As one Reading Initiative teacher told me, "It's like saying, 'Teach math' without making sure the teacher knows the difference between adding and subtracting."
This teacher, who asked not to be identified, wrote that at a recent training session, teachers were given a booklet called "Put Reading First: the Research Building Blocks for Teaching Children to Read," published by the National Institute for Literacy, which provides an excellent summary of the scientific research on reading. (To get a copy, phone 800-228-8813 or read it at www.nifl.gov/nifl/partnershipforreading/publications/PFRbooklet.html.)
"Not a single mention was made of this booklet during our training session, however," the teacher wrote. "In fact, several of the suggestions given during the training directly contradicted the research cited in the book. . . . We were instructed not to focus on trying to sound out words at this time, as this would only confuse the children."
Before long, Montgomery County will have to rethink its decision not to use explicit phonics instruction.

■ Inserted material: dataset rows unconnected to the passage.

lemma layered_family_eq_Un:
  assumes "l < n"
  shows "layered_family l m n =
           {S. S \<subseteq> {1..l} \<and> card S \<le> m}
         \<union> {S \<union> {l+1..l+t} | S t. 1 \<le> t \<and> t \<le> n - l \<and> S \<subseteq> {1..l} \<and> card S = m}
         \<union> {S \<union> {l+1..n} | S. S \<subseteq> {1..l} \<and> card S \<ge> m + 1}"
    (is "_ = ?J \<union> ?K \<union> ?L")
proof (intro equalityI subsetI)
  fix X assume "X \<in> layered_family l m n"
  then obtain S t where X: "X = S \<union> {l+1..l+t}" "S \<subseteq> {1..l}" "t \<le> n - l"
    "card S < m \<longrightarrow> t = 0" "m < card S \<longrightarrow> t = n - l"
    unfolding layered_family_def by blast
  consider "t = 0" "card S \<le> m" | "0 < t" "card S = m" | "m < card S"
    using X(4) by linarith
  then show "X \<in> ?J \<union> ?K \<union> ?L"
  proof cases
    case 1
    then show ?thesis using X(1,2) by simp
  next
    case 2
    then have "1 \<le> t" by simp
    then have "X \<in> ?K" using X(1-3) 2(2) by (intro CollectI exI[of _ S] exI[of _ t]) simp
    then show ?thesis by blast
  next
    case 3
    then have "X = S \<union> {l+1..n}" using X(1,5) assms by simp
    then have "X \<in> ?L" using X(2) 3 by (intro CollectI exI[of _ S]) simp
    then show ?thesis by blast
  qed
next
  fix X assume "X \<in> ?J \<union> ?K \<union> ?L"
  then consider S where "X = S \<union> {l+1..l+0}" "S \<subseteq> {1..l}" "card S \<le> m"
    | S t where "X = S \<union> {l+1..l+t}" "1 \<le> t" "t \<le> n - l" "S \<subseteq> {1..l}" "card S = m"
    | S where "X = S \<union> {l+1..l+(n-l)}" "S \<subseteq> {1..l}" "m + 1 \<le> card S"
    using assms by auto
  then show "X \<in> layered_family l m n"
  proof cases
    case (1 S)
    show ?thesis unfolding 1(1) by (rule Un_block_mem_layered_family) (use 1 in auto)
  next
    case (2 S t)
    show ?thesis unfolding 2(1) by (rule Un_block_mem_layered_family) (use 2 in auto)
  next
    case (3 S)
    show ?thesis unfolding 3(1) by (rule Un_block_mem_layered_family) (use 3 in auto)
  qed
qed

lemma isat_le_card: "induced_saturated n P le F \<Longrightarrow> isat n P le \<le> card F"
  unfolding isat_def by (intro Least_le) blast
text \<open>
  Each summand of \<open>T\<^sub>n\<^sub>+\<^sub>1\<close> is bounded factor by factor. A factor \<open>I - \<alpha>\<^sub>j X\<^sub>1\<close> has norm at most
  \<open>exp(-q\<^sub>1 \<alpha>\<^sub>j)\<close> once \<open>\<alpha>\<^sub>j\<close> is small (\<open>j > K\<close>), and the finitely many earlier factors
  together cost at most \<open>C\<^sub>\<theta>\<close>. The bracket has norm at most \<open>C\<^sub>U \<alpha>\<^sub>k (\<alpha>\<^sub>k/\<beta>\<^sub>k)\<close>, by a
  Bernoulli estimate for the ratio \<open>\<alpha>\<^sub>k\<^sub>-\<^sub>1/\<beta>\<^sub>k\<^sub>-\<^sub>1\<close>. Moderateness carries \<open>(\<alpha>\<^sub>k/\<beta>\<^sub>k) u\<^sub>k\<close> to
  \<open>(\<alpha>\<^sub>n/\<beta>\<^sub>n) u\<^sub>n\<close> at the price of half of the contraction. What remains,
  \<open>\<Sum>\<^sub>k \<alpha>\<^sub>k exp(-(q\<^sub>1/2) \<Sum>\<^sub>j\<^sub>>\<^sub>k \<alpha>\<^sub>j)\<close>, is a Riemann sum for the integral of \<open>exp(-q\<^sub>1 t/2)\<close>;
  it telescopes to at most \<open>2 exp(q\<^sub>1/2)/q\<^sub>1\<close>.
\<close>


lemma quadratic_nonneg_imp_linear_coeff_zero:
  fixes p q :: real
  assumes "\<And>t. p * t + q * t^2 \<ge> 0"
  shows "p = 0"
proof (rule ccontr)
  assume "p \<noteq> 0"
  define s where "s = \<bar>q\<bar> + 1"
  have s0: "s > 0" by (simp add: s_def)
  define t where "t = - p / (2 * s)"
  have "p * t = - (p^2) / (2 * s)" by (simp add: t_def power2_eq_square)
  moreover have "q * t^2 \<le> s * t^2" by (rule mult_right_mono) (auto simp: s_def)
  moreover have "s * t^2 = p^2 / (4 * s)"
    using s0 by (simp add: t_def power_divide power2_eq_square)
  moreover have "p^2 > 0" using \<open>p \<noteq> 0\<close> by simp
  ultimately have "p * t + q * t^2 \<le> - (p^2) / (4 * s)" using s0 by (simp add: field_simps)
  moreover have "- (p^2) / (4 * s) < 0" using s0 \<open>p^2 > 0\<close> by simp
  ultimately show False using assms[of t] by linarith
qed

lemma inner_transpose_mult: "x \<bullet> (transpose A *v y) = (A *v x) \<bullet> (y::real^'n)"
  by (metis dot_lmul_matrix vector_transpose_matrix)

subsection \<open>Extreme eigenvalues of symmetric matrices\<close>

lemma rayleigh_quotient_min_attained:
  fixes A :: "real^'n^'n"
  obtains v0 where "norm v0 = 1" "\<And>v. (v0 \<bullet> (A *v v0)) * (v \<bullet> v) \<le> v \<bullet> (A *v v)"
proof -
  let ?S = "sphere (0::real^'n) 1"
  have "axis undefined 1 \<in> ?S" by simp
  hence "?S \<noteq> {}" by blast
  moreover have "continuous_on ?S (\<lambda>x. x \<bullet> (A *v x))"
    by (intro continuous_intros linear_continuous_on matrix_vector_mul_bounded_linear)
  ultimately obtain v0 where v0: "v0 \<in> ?S" "\<And>y. y \<in> ?S \<Longrightarrow> v0 \<bullet> (A *v v0) \<le> y \<bullet> (A *v y)"
    using continuous_attains_inf[of ?S] compact_sphere by blast
  have "(v0 \<bullet> (A *v v0)) * (v \<bullet> v) \<le> v \<bullet> (A *v v)" for v
  proof (cases "v = 0")
    case False
    hence nv: "norm v > 0" by simp
    let ?y = "(1 / norm v) *\<^sub>R v"
    have "?y \<in> ?S" using nv by simp
    hence "v0 \<bullet> (A *v v0) \<le> ?y \<bullet> (A *v ?y)" using v0 by blast
    also have "\<dots> = (v \<bullet> (A *v v)) / (norm v)^2"
      by (simp only: matrix_vector_mult_scaleR inner_scaleR_left inner_scaleR_right)
         (simp add: power2_eq_square)
    finally show ?thesis using nv by (simp add: field_simps power2_norm_eq_inner)
  qed simp
  thus thesis using that v0(1) by simp
qed
lemma psd_full_rank_coercive:
  fixes M :: "complex^'n^'n"
  assumes "psd M" and "rank M = CARD('n)"
  obtains m where "0 < m" and "\<And>x. m * (norm x)\<^sup>2 \<le> Re (sesq_form M x x)"
proof -
  obtain u where u: "u \<in> sphere 0 1"
    and min: "\<And>v. v \<in> sphere 0 1 \<Longrightarrow> Re (sesq_form M u u) \<le> Re (sesq_form M v v)"
    using continuous_attains_inf[OF compact_sphere _ continuous_on_sesq_form_diag,
        of "0 :: complex^'n" 1 M]
    by auto
  define m where "m = Re (sesq_form M u u)"
  have "u \<noteq> 0" using u by auto
  then have "0 < m" unfolding m_def by (rule psd_full_rank_imp_pos[OF assms])
  moreover have "m * (norm x)\<^sup>2 \<le> Re (sesq_form M x x)" for x
  proof (cases "x = 0")
    case False
    have "m \<le> Re (sesq_form M ((1 / norm x) *\<^sub>R x) ((1 / norm x) *\<^sub>R x))"
      unfolding m_def using False by (intro min) simp
    also have "\<dots> = Re (sesq_form M x x) / (norm x)\<^sup>2"
      by (simp add: sesq_form_scaleR power2_eq_square)
    finally show ?thesis using False by (simp add: field_simps)
  qed (simp add: sesq_form_def)
  ultimately show thesis by (rule that)
qed

lemma norm_sesq_form_le:
  fixes A :: "complex^'n^'m"
  assumes "\<And>i j. cmod (A$i$j) \<le> K"
  shows "cmod (sesq_form A y x) \<le> real CARD('m) * real CARD('n) * K * norm y * norm x"
proof -
  have "cmod (sesq_form A y x) \<le> (\<Sum>i\<in>UNIV. \<Sum>j\<in>UNIV. cmod (cnj (y$i) * A$i$j * x$j))"
    unfolding sesq_form_def by (rule order_trans[OF norm_sum sum_mono[OF norm_sum]])
  also have "\<dots> \<le> (\<Sum>i\<in>(UNIV::'m set). \<Sum>j\<in>(UNIV::'n set). norm y * K * norm x)"
    unfolding norm_mult complex_mod_cnj
    using order_trans[OF norm_ge_zero assms] assms
    by (intro sum_mono mult_mono) (auto simp: Finite_Cartesian_Product.norm_nth_le)
  also have "\<dots> = real CARD('m) * real CARD('n) * K * norm y * norm x"
    by (simp add: mult.assoc)
  finally show ?thesis .
qed

lemma psd_if_entrywise_close_to_coercive:
  fixes P Q :: "complex^'n^'n"
  assumes "hermitian Q"
    and coercive: "\<And>x. m * (norm x)\<^sup>2 \<le> Re (sesq_form P x x)"
    and close: "\<And>i j. cmod ((Q - P)$i$j) \<le> m / (real CARD('n))\<^sup>2"
  shows "psd Q"
  unfolding psd_iff_sesq_form
proof (intro allI conjI)
  fix x
  show "Im (sesq_form Q x x) = 0" using assms(1) by (rule hermitian_imp_sesq_form_diag_real)
  have "cmod (sesq_form (Q - P) x x) \<le> m * (norm x)\<^sup>2"
    using norm_sesq_form_le[OF close, of x x] by (simp add: power2_eq_square)
  then have "- (m * (norm x)\<^sup>2) \<le> Re (sesq_form Q x x) - Re (sesq_form P x x)"
    using abs_Re_le_cmod[of "sesq_form (Q - P) x x"] by (simp add: sesq_form_diff_matrix)
  with coercive[of x] show "0 \<le> Re (sesq_form Q x x)" by simp
qed

lemma partial_transpose_diff:
  "partial_transpose (A - B) = partial_transpose A - partial_transpose B"
  by (simp add: partial_transpose_def vec_eq_iff)

lemma norm_partial_transpose_nth_le: "cmod (partial_transpose A $ r $ c) \<le> norm A"
  unfolding partial_transpose_def vec_lambda_beta
  by (rule order_trans[OF Finite_Cartesian_Product.norm_nth_le Finite_Cartesian_Product.norm_nth_le])

lemma full_rank_partial_transpose_not_PPT_boundary:
  fixes \<rho> :: "('a::finite, 'b::finite) bimat"
  assumes "\<rho> \<in> PPT_states" and "rank (partial_transpose \<rho>) = CARD('a \<times> 'b)"
  shows "\<rho> \<notin> PPT_boundary"
proof
  assume "\<rho> \<in> PPT_boundary"
  let ?P = "partial_transpose \<rho>"
  have "psd ?P" using assms(1) by (simp add: PPT_states_def)
  then obtain m where "0 < m" and coercive: "\<And>x. m * (norm x)\<^sup>2 \<le> Re (sesq_form ?P x x)"
    using psd_full_rank_coercive assms(2) by blast
  then have "0 < m / (real CARD('a \<times> 'b))\<^sup>2" by simp
  then obtain \<sigma> where \<sigma>: "\<sigma> \<in> density_matrices - PPT_states"
    and near: "dist \<sigma> \<rho> < m / (real CARD('a \<times> 'b))\<^sup>2"
    using \<open>\<rho> \<in> PPT_boundary\<close> closure_approachable unfolding PPT_boundary_def by blast
  have "density_matrix \<sigma>" using \<sigma> by (simp add: density_matrices_def)
  have "psd (partial_transpose \<sigma>)"
  proof (rule psd_if_entrywise_close_to_coercive[OF _ coercive])
    show "hermitian (partial_transpose \<sigma>)"
      using \<open>density_matrix \<sigma>\<close>
      by (simp add: density_matrix_def psd_imp_hermitian hermitian_partial_transpose)
    show "cmod ((partial_transpose \<sigma> - ?P)$r$c) \<le> m / (real CARD('a \<times> 'b))\<^sup>2" for r c
      using norm_partial_transpose_nth_le[of "\<sigma> - \<rho>" r c] near
      by (simp add: partial_transpose_diff dist_norm)
  qed
  with \<open>density_matrix \<sigma>\<close> \<sigma> show False by (simp add: PPT_states_def)
qed

theorem lemma2:
  fixes \<rho> :: "('a::finite, 'b::finite) bimat"
  assumes "density_matrix \<rho>"
    and "separable \<rho>"
    and "rank \<rho> = CARD('a \<times> 'b)"
    and "\<rho> \<in> PPT_boundary"
  shows "rank \<rho> > rank (partial_transpose \<rho>)"
proof (rule ccontr)
  assume "\<not> rank \<rho> > rank (partial_transpose \<rho>)"
  then have "rank (partial_transpose \<rho>) = CARD('a \<times> 'b)"
    using assms(3) rank_le_card_columns[of "partial_transpose \<rho>"] by simp
  moreover have "\<rho> \<in> PPT_states" using assms(4) by (simp add: PPT_boundary_def)
  ultimately show False
    using full_rank_partial_transpose_not_PPT_boundary assms(4) by blast
qed

end
lemma rank_less_iff:
  assumes "inj_on \<kappa> {1..n}" "x \<in> {1..n}" "y \<in> {1..n}"
  shows "rank n \<kappa> x < rank n \<kappa> y \<longleftrightarrow> \<kappa> x < \<kappa> y"
proof
  assume "\<kappa> x < \<kappa> y"
  then have "{z\<in>{1..n}. \<kappa> z < \<kappa> x} \<subset> {z\<in>{1..n}. \<kappa> z < \<kappa> y}"
    using assms by auto
  then show "rank n \<kappa> x < rank n \<kappa> y" unfolding rank_def by (intro psubset_card_mono) auto
next
  assume less: "rank n \<kappa> x < rank n \<kappa> y"
  show "\<kappa> x < \<kappa> y"
  proof (rule ccontr)
    assume "\<not> \<kappa> x < \<kappa> y"
    then have "rank n \<kappa> y \<le> rank n \<kappa> x" unfolding rank_def by (intro card_mono) auto
    with less show False by simp
  qed
qed

lemma rank_less:
  assumes "x \<in> {1..n}"
  shows "rank n \<kappa> x < n"
proof -
  have "x \<notin> {y\<in>{1..n}. \<kappa> y < \<kappa> x}" by simp
  then have "{y\<in>{1..n}. \<kappa> y < \<kappa> x} \<subset> {1..n}" using assms by blast
  then have "rank n \<kappa> x < card {1..n}" unfolding rank_def using psubset_card_mono by blast
  then show ?thesis by simp
qed

lemma bij_betw_rank:
  assumes inj: "inj_on \<kappa> {1..n}"
  shows "bij_betw (rank n \<kappa>) {1..n} {0..<n}"
proof -
  have inj_rank: "inj_on (rank n \<kappa>) {1..n}"
  proof (rule inj_onI)
    fix x y assume xy: "x \<in> {1..n}" "y \<in> {1..n}" "rank n \<kappa> x = rank n \<kappa> y"
    have "\<kappa> x = \<kappa> y"
      using rank_less_iff[OF inj xy(1,2)] rank_less_iff[OF inj xy(2,1)] xy(3)
      by (cases "\<kappa> x" "\<kappa> y" rule: linorder_cases) auto
    then show "x = y" using inj_onD[OF inj _ xy(1,2)] by blast
  qed
  have "rank n \<kappa> ` {1..n} \<subseteq> {0..<n}" using rank_less by auto
  moreover have "card (rank n \<kappa> ` {1..n}) = card {0..<n}"
    using card_image[OF inj_rank] by simp
  ultimately have "rank n \<kappa> ` {1..n} = {0..<n}" by (simp add: card_subset_eq)
  with inj_rank show ?thesis unfolding bij_betw_def by simp
qed

lemma mult_add_eq_mult_add_iff:
  fixes n k l p q :: nat
  assumes "p < n" "q < n"
  shows "k * n + p = l * n + q \<longleftrightarrow> k = l \<and> p = q"
proof
  assume eq: "k * n + p = l * n + q"
  have "k = (k * n + p) div n" using assms(1) by simp
  also have "\<dots> = l" using assms(2) by (simp add: eq)
  finally show "k = l \<and> p = q" using eq by simp
qed simp

lemma mult_add_less_mult_add_iff:
  fixes n k l p q :: nat
  assumes "p < n" "q < n"
  shows "l * n + q < k * n + p \<longleftrightarrow> l < k \<or> (l = k \<and> q < p)"
proof -
  have "a * n + r < b * n" if "a < b" "r < n" for a b r :: nat
  proof -
    have "(a + 1) * n \<le> b * n" using that by (intro mult_le_mono) auto
    then show ?thesis using that by simp
  qed
  from this[of l k q] this[of k l p] assms show ?thesis
    by (cases l k rule: linorder_cases) auto
qed

lemma card_lex_below:
  "2 * card {(k, l). k < N \<and> l < N \<and> (l < k \<or> (l = k \<and> P k))} + N
     = N * N + 2 * card {k. k < N \<and> P k}"
proof -
  let ?L = "Sigma {..<N} (\<lambda>k. {..<k})" and ?D = "(\<lambda>k. (k, k)) ` {k. k < N \<and> P k}"
  have "{(k, l). k < N \<and> l < N \<and> (l < k \<or> (l = k \<and> P k))} = ?L \<union> ?D"
    by auto
  moreover have "card ?L = (\<Sum>k<N. k)" by simp
  moreover have "card ?D = card {k. k < N \<and> P k}" by (simp add: card_image inj_on_def)
  moreover have "card (?L \<union> ?D) = card ?L + card ?D" by (rule card_Un_disjoint) auto
  moreover have "2 * (\<Sum>k<N. k) + N = N * N" by (induction N) auto
  ultimately show ?thesis by simp
qed

text \<open>
  Linear orders on [n] are given by injective integer keys: block k lists i before j iff
  K k i < K k j.
\<close>

definition block_pos :: "nat \<Rightarrow> (nat \<Rightarrow> nat \<Rightarrow> int) \<Rightarrow> nat \<Rightarrow> nat \<Rightarrow> nat" where
  "block_pos n K i k = k * n + rank n (K k) i + 1"

definition block_partition :: "nat \<Rightarrow> nat \<Rightarrow> (nat \<Rightarrow> nat \<Rightarrow> int) \<Rightarrow> nat \<Rightarrow> nat set" where
  "block_partition N n K i = block_pos n K i ` {..<N}"

definition majority_rel :: "nat \<Rightarrow> nat \<Rightarrow> (nat \<Rightarrow> nat \<Rightarrow> int) \<Rightarrow> (nat \<times> nat) set" where
  "majority_rel n N K = {(i, j). i \<in> {1..n} \<and> j \<in> {1..n} \<and> N < 2 * card {k. k < N \<and> K k j < K k i}}"

lemma majority_rel_subset: "majority_rel n N K \<subseteq> {1..n} \<times> {1..n}"
  unfolding majority_rel_def by blast

lemma block_pos_eq_iff:
  assumes "i \<in> {1..n}" "j \<in> {1..n}"
  shows "block_pos n K i k = block_pos n K j l \<longleftrightarrow> k = l \<and> rank n (K k) i = rank n (K l) j"
  using mult_add_eq_mult_add_iff[OF rank_less[OF assms(1)] rank_less[OF assms(2)]]
  unfolding block_pos_def by simp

New federal education legislation endorsed by President Bush and Sen. Edward M. Kennedy (D-Mass.) requires that jurisdictions demonstrate they are using "explicit and systematic" instruction of phonics in order to qualify for federal money.
In addition, schools that receive Title I money, which is geared to schools that serve poor children, will be able to use only programs proven to improve student achievement. So Montgomery County will have to make changes.
In the meantime, however, parents whose children are having trouble learning to read might want to get the NICHD publication listed above or the book "Straight Talk About Reading: How Parents Can Make a Difference During the Early Years," by Susan L. Hall and Louisa C. Moats with an introduction by G. Reid Lyon (Contemporary Books, 1998).